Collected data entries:
(* Let $\lambda>2/\sqrt3$ and let $\mathcal M_2$ be a set of $2$ or $3$ pairs $ab$ of points of $\mathbb R^2$ such that all endpoints of all pairs are pairwise distinct, $\|a\|+\|b\|=\lambda\|a-b\|$ for every $ab\in\mathcal M_2$, and $o\in\operatorname{conv}\{\ell_{ab}: ab\in\mathcal M_2\}$, where $o$ is the origin. Let $G$ be the graph whose vertex set $V(G)$ is the set of all endpoints of pairs in $\mathcal M_2$, with blue edges $E_b(G)=\mathcal M_2$ and red edges $E_r(G)=\{xy: x,y\in V(G),\ \|x\|+\|y\|<\lambda\|x-y\|\}$. If there is a vertex $x\in V(G)$ such that $\angle(x,y)<2\pi/3$ for every $y\in V(G)\setminus\{x\}$, then $G$ contains an alternating cycle.
   Context: $\ell_{ab}=\dfrac{\|b\|}{\|a\|+\|b\|}a+\dfrac{\|a\|}{\|a\|+\|b\|}b$. $\angle(x,y)\in[0,\pi]$ denotes the smallest nonnegative angle between nonzero vectors $x,y$ (all vertices of $G$ are nonzero since $\lambda>1$). An alternating cycle is a simple cycle of even length in $G$ whose edges alternate between blue edges and red edges. *)

theory Defs
  imports "HOL-Analysis.Analysis"
begin

type_synonym pt = "real^2"

definition vangle :: "pt \<Rightarrow> pt \<Rightarrow> real" where
  "vangle x y = arccos (inner x y / (norm x * norm y))"

definition ell :: "pt \<Rightarrow> pt \<Rightarrow> pt" where
  "ell a b = (norm b / (norm a + norm b)) *\<^sub>R a + (norm a / (norm a + norm b)) *\<^sub>R b"

text \<open>Graph G built from a matching M (set of unordered pairs, each a 2-element set).\<close>
definition vertices :: "pt set set \<Rightarrow> pt set" where
  "vertices M = \<Union>M"

definition blue_edges :: "pt set set \<Rightarrow> pt set set" where
  "blue_edges M = M"

definition red_edges :: "real \<Rightarrow> pt set set \<Rightarrow> pt set set" where
  "red_edges lam M = {{x, y} | x y. x \<in> vertices M \<and> y \<in> vertices M \<and>
                        norm x + norm y < lam * norm (x - y)}"

definition alternating_cycle :: "pt set set \<Rightarrow> pt set set \<Rightarrow> pt list \<Rightarrow> bool" where
  "alternating_cycle B R vs \<longleftrightarrow>
     (let n = length vs in
       distinct vs \<and> n \<ge> 3 \<and> even n \<and>
       (\<forall>i<n. {vs ! i, vs ! ((i + 1) mod n)} \<in> B \<union> R) \<and>
       (\<forall>i<n. {vs ! i, vs ! ((i + 1) mod n)} \<in> B \<longleftrightarrow>
               {vs ! ((i + 1) mod n), vs ! ((i + 2) mod n)} \<in> R))"

end

theory Submission
  imports Defs
begin

text \<open>Measure polar angles from the direction of x. Every vertex then has an angle in
  (-2pi/3, 2pi/3), and two vertices whose angles differ by at least 2pi/3 span an angle of at
  least 2pi/3, so for lam > 2/sqrt 3 they form a red pair. Hence every blue pair is narrower than
  2pi/3, and l_ab has positive inner product with every direction within pi/2 of the angular
  midpoint of a and b. If the midpoints of the two pairs avoiding x were less than pi apart, the
  three midpoints (the one of the pair of x lies within pi/3 of the axis) would fit into an arc of
  length less than pi, and all l_ab would lie in an open half-plane, contradicting
  o \<in> conv {l_ab}. So these two midpoints are at least pi apart, and as both pairs are narrower
  than 2pi/3 their endpoints can be matched crosswise at angular distance at least 2pi/3. The two
  red edges so obtained close an alternating 4-cycle with the two blue ones.\<close>

definition perp :: "pt \<Rightarrow> pt" where
  "perp X = vector [- X$2, X$1]"

definition rot :: "real \<Rightarrow> pt \<Rightarrow> pt" where
  "rot t X = cos t *\<^sub>R X + sin t *\<^sub>R perp X"

lemma inner_perp_right [simp]: "inner X (perp X) = 0"
  by (simp add: perp_def inner_vec_def sum_2)

lemma inner_perp_left [simp]: "inner (perp X) X = 0"
  by (simp add: perp_def inner_vec_def sum_2)

lemma inner_perp_perp [simp]: "inner (perp X) (perp Y) = inner X Y"
  by (simp add: perp_def inner_vec_def sum_2 add.commute)

lemma rot_0 [simp]: "rot 0 X = X"
  by (simp add: rot_def)

lemma inner_rot: "inner (rot s X) (rot t X) = cos (s - t) * inner X X"
  by (simp add: rot_def inner_add_left inner_add_right cos_diff algebra_simps)

lemma norm_rot [simp]: "norm (rot t X) = norm X"
  using inner_rot[of t X t] by (simp add: norm_eq_sqrt_inner)

lemma perp_decomposition:
  assumes "norm X = 1"
  shows "w = inner w X *\<^sub>R X + inner w (perp X) *\<^sub>R perp X"
proof -
  have "X$1 * X$1 + X$2 * X$2 = 1"
    using assms by (simp add: norm_eq_sqrt_inner inner_vec_def sum_2)
  moreover have "inner w X * X$1 + inner w (perp X) * perp X $ 1 = w$1 * (X$1 * X$1 + X$2 * X$2)"
    "inner w X * X$2 + inner w (perp X) * perp X $ 2 = w$2 * (X$1 * X$1 + X$2 * X$2)"
    by (simp_all add: inner_vec_def sum_2 perp_def algebra_simps)
  ultimately show ?thesis
    unfolding vec_eq_iff forall_2 by simp
qed

lemma polar_angle_within_sector:
  assumes X: "norm X = 1" and v: "v \<noteq> 0" and near: "inner v X > - norm v / 2"
  obtains \<theta> where "\<bar>\<theta>\<bar> < 2*pi/3" "v = norm v *\<^sub>R rot \<theta> X"
proof -
  define w where "w = v /\<^sub>R norm v"
  define p where "p = inner w X"
  define q where "q = inner w (perp X)"
  have w: "w = p *\<^sub>R X + q *\<^sub>R perp X"
    unfolding p_def q_def by (rule perp_decomposition[OF X])
  have "inner X X = 1"
    using X by (simp add: power2_norm_eq_inner[symmetric])
  then have "p * p + q * q = inner (p *\<^sub>R X + q *\<^sub>R perp X) (p *\<^sub>R X + q *\<^sub>R perp X)"
    by (simp add: inner_add_left inner_add_right)
  also have "\<dots> = (norm w)\<^sup>2"
    by (simp flip: w add: power2_norm_eq_inner)
  also have "\<dots> = 1"
    using v by (simp add: w_def)
  finally have pq: "p\<^sup>2 + q\<^sup>2 = 1" by (simp add: power2_eq_square)
  then have "p\<^sup>2 \<le> 1"
    by (smt (verit) zero_le_power2)
  then have p: "-1 \<le> p" "p \<le> 1"
    by (simp_all add: abs_square_le_1 abs_le_iff)
  have "p > -1/2"
    using near v by (simp add: p_def w_def field_simps)
  then have "arccos p < 2*pi/3"
    using arccos_less_arccos[of "-1/2" p] p by simp
  define \<theta> where "\<theta> = (if q \<ge> 0 then arccos p else - arccos p)"
  have "sin (arccos p) = sqrt (1 - p\<^sup>2)"
    using p by (simp add: sin_arccos_abs)
  also have "1 - p\<^sup>2 = q\<^sup>2"
    using pq by simp
  finally have "sin (arccos p) = \<bar>q\<bar>"
    by simp
  then have "rot \<theta> X = w"
    using p by (simp add: \<theta>_def rot_def w)
  moreover have "\<bar>\<theta>\<bar> < 2*pi/3"
    using \<open>arccos p < 2*pi/3\<close> arccos_lbound[OF p] by (simp add: \<theta>_def)
  ultimately show ?thesis
    using that v by (simp add: w_def)
qed

lemma inner_gt_of_vangle_less:
  assumes "x \<noteq> 0" "v \<noteq> 0" "vangle x v < 2*pi/3"
  shows "inner x v > - (norm x * norm v) / 2"
proof -
  define c where "c = inner x v / (norm x * norm v)"
  have "\<bar>c\<bar> \<le> 1"
    using Cauchy_Schwarz_ineq2[of x v] assms(1,2) by (simp add: c_def abs_divide abs_mult divide_le_eq)
  moreover have "arccos c < arccos (-1/2)"
    using assms(3) by (simp add: vangle_def c_def)
  ultimately have "c > -1/2"
    using arccos_le_arccos[of c "-1/2"] by (cases "c > -1/2") (auto simp: abs_le_iff)
  then show ?thesis
    using assms(1,2) by (simp add: c_def field_simps)
qed

lemma cos_le_minus_half:
  fixes d :: real
  assumes "2*pi/3 \<le> \<bar>d\<bar>" "\<bar>d\<bar> \<le> 4*pi/3"
  shows "cos d \<le> -1/2"
proof -
  have "cos d = - cos (\<bar>d\<bar> - pi)"
    by (simp add: abs_if cos_diff)
  moreover have "\<bar>\<bar>d\<bar> - pi\<bar> \<le> pi/3"
    unfolding abs_diff_le_iff using assms by linarith
  then have "cos (pi/3) \<le> cos \<bar>\<bar>d\<bar> - pi\<bar>"
    by (intro cos_monotone_0_pi_le) auto
  ultimately show ?thesis
    by (simp add: cos_60)
qed

lemma norm_add_norm_less_if_wide_angle:
  fixes v w :: "'a::real_inner"
  assumes lam: "lam > 2 / sqrt 3" and v: "v \<noteq> 0" and w: "w \<noteq> 0"
    and wide: "inner v w \<le> - (norm v * norm w) / 2"
  shows "norm v + norm w < lam * norm (v - w)"
proof -
  have "2 < lam * sqrt 3"
    using lam by (simp add: field_simps)
  then have "2\<^sup>2 < (lam * sqrt 3)\<^sup>2"
    by (rule power_strict_mono) auto
  then have lam2: "4 / 3 < lam\<^sup>2"
    by (simp add: power_mult_distrib)
  have "(norm v + norm w)\<^sup>2 \<le> 4/3 * ((norm v)\<^sup>2 + (norm w)\<^sup>2 + norm v * norm w)"
    using zero_le_power2[of "norm v - norm w"] by (simp add: power2_sum power2_diff)
  also have "\<dots> \<le> 4/3 * (norm (v - w))\<^sup>2"
    using wide dot_norm_neg[of v w] by simp
  finally have le: "(norm v + norm w)\<^sup>2 \<le> 4/3 * (norm (v - w))\<^sup>2" .
  have "0 < (norm v + norm w)\<^sup>2"
    using v w by (intro zero_less_power add_pos_pos) auto
  with le have "0 < (norm (v - w))\<^sup>2"
    by linarith
  from mult_strict_right_mono[OF lam2 this] le
  have "(norm v + norm w)\<^sup>2 < (lam * norm (v - w))\<^sup>2"
    by (simp add: power_mult_distrib)
  moreover have "0 \<le> lam * norm (v - w)"
    using lam less_trans[of 0 "2 / sqrt 3" lam] by simp
  ultimately show ?thesis
    by (rule power2_less_imp_less)
qed

lemma inner_scaled_rot:
  assumes "norm X = 1" "v = r *\<^sub>R rot s X" "w = q *\<^sub>R rot t X"
  shows "inner v w = r * q * cos (s - t)"
  using assms by (simp add: inner_rot dot_square_norm)

lemma inner_ell_rot_pos:
  assumes X: "norm X = 1" and a: "a = r *\<^sub>R rot s X" and b: "b = q *\<^sub>R rot t X"
    and r: "r > 0" and q: "q > 0"
    and width: "\<bar>s - t\<bar> < pi" and centre: "\<bar>(s + t) / 2 - m\<bar> < pi / 2"
  shows "inner (ell a b) (rot m X) > 0"
proof -
  have "ell a b = (r * q / (r + q)) *\<^sub>R (rot s X + rot t X)"
    using X a b r q by (simp add: ell_def algebra_simps)
  then have "inner (ell a b) (rot m X) = r * q / (r + q) * (cos (s - m) + cos (t - m))"
    using X by (simp add: inner_add_left inner_rot dot_square_norm)
  also have "cos (s - m) + cos (t - m) = 2 * cos (((s - m) + (t - m)) / 2) * cos (((s - m) - (t - m)) / 2)"
    by (rule cos_plus_cos)
  also have "((s - m) + (t - m)) / 2 = (s + t) / 2 - m"
    by simp
  also have "((s - m) - (t - m)) / 2 = (s - t) / 2"
    by simp
  also have "r * q / (r + q) * (2 * cos ((s + t) / 2 - m) * cos ((s - t) / 2)) > 0"
  proof -
    have cos_pos: "0 < cos y" if "\<bar>y\<bar> < pi / 2" for y
      using that by (intro cos_gt_zero_pi) (simp_all add: abs_less_iff)
    have "cos ((s + t) / 2 - m) > 0"
      using centre by (rule cos_pos)
    moreover have "cos ((s - t) / 2) > 0"
      using width by (intro cos_pos) simp
    ultimately show ?thesis
      using r q by simp
  qed
  finally show ?thesis .
qed

lemma zero_notin_convex_hull_if_inner_pos:
  fixes w :: "'a::real_inner"
  assumes "\<forall>z\<in>S. inner z w > 0"
  shows "0 \<notin> convex hull S"
proof -
  have "convex hull S \<subseteq> {z. inner w z > 0}"
    using assms by (intro hull_minimal convex_halfspace_gt) (auto simp: inner_commute)
  then show ?thesis
    by auto
qed

lemma common_centre_of_close_reals:
  fixes a b c r :: real
  assumes "\<bar>a - b\<bar> < 2 * r" "\<bar>a - c\<bar> < 2 * r" "\<bar>b - c\<bar> < 2 * r"
  shows "\<exists>m. \<bar>a - m\<bar> < r \<and> \<bar>b - m\<bar> < r \<and> \<bar>c - m\<bar> < r"
  using assms
  by (intro exI[of _ "(max a (max b c) + min a (min b c)) / 2"])
    (auto simp: abs_less_iff max_def min_def field_simps)

lemma crosswise_far_if_opposite:
  fixes tc td te tf r :: real
  assumes "\<bar>tc - td\<bar> < 2 * r" "\<bar>te - tf\<bar> < 2 * r" "3 * r \<le> \<bar>(tc + td) / 2 - (te + tf) / 2\<bar>"
  shows "2 * r \<le> \<bar>tc - te\<bar> \<and> 2 * r \<le> \<bar>td - tf\<bar> \<or> 2 * r \<le> \<bar>tc - tf\<bar> \<and> 2 * r \<le> \<bar>td - te\<bar>"
proof -
  have "6 * r \<le> \<bar>(tc + td) - (te + tf)\<bar>"
    using assms(3) unfolding diff_divide_distrib[symmetric] abs_divide by simp
  moreover have "0 < r"
    using assms(1) abs_ge_zero[of "tc - td"] by linarith
  ultimately show ?thesis
    using assms(1,2) by (smt (verit))
qed

locale sector_chart =
  fixes X :: pt and \<theta> :: "pt \<Rightarrow> real" and V :: "pt set"
  assumes unit: "norm X = 1"
    and nonzero: "0 \<notin> V"
    and sector: "v \<in> V \<Longrightarrow> \<bar>\<theta> v\<bar> < 2*pi/3"
    and polar: "v \<in> V \<Longrightarrow> v = norm v *\<^sub>R rot (\<theta> v) X"
begin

# EXERCISE DIRECTIONS:
Answer with one number, namely the count of lines in the entries that include the word "angular".

# TASK OUTPUT:
2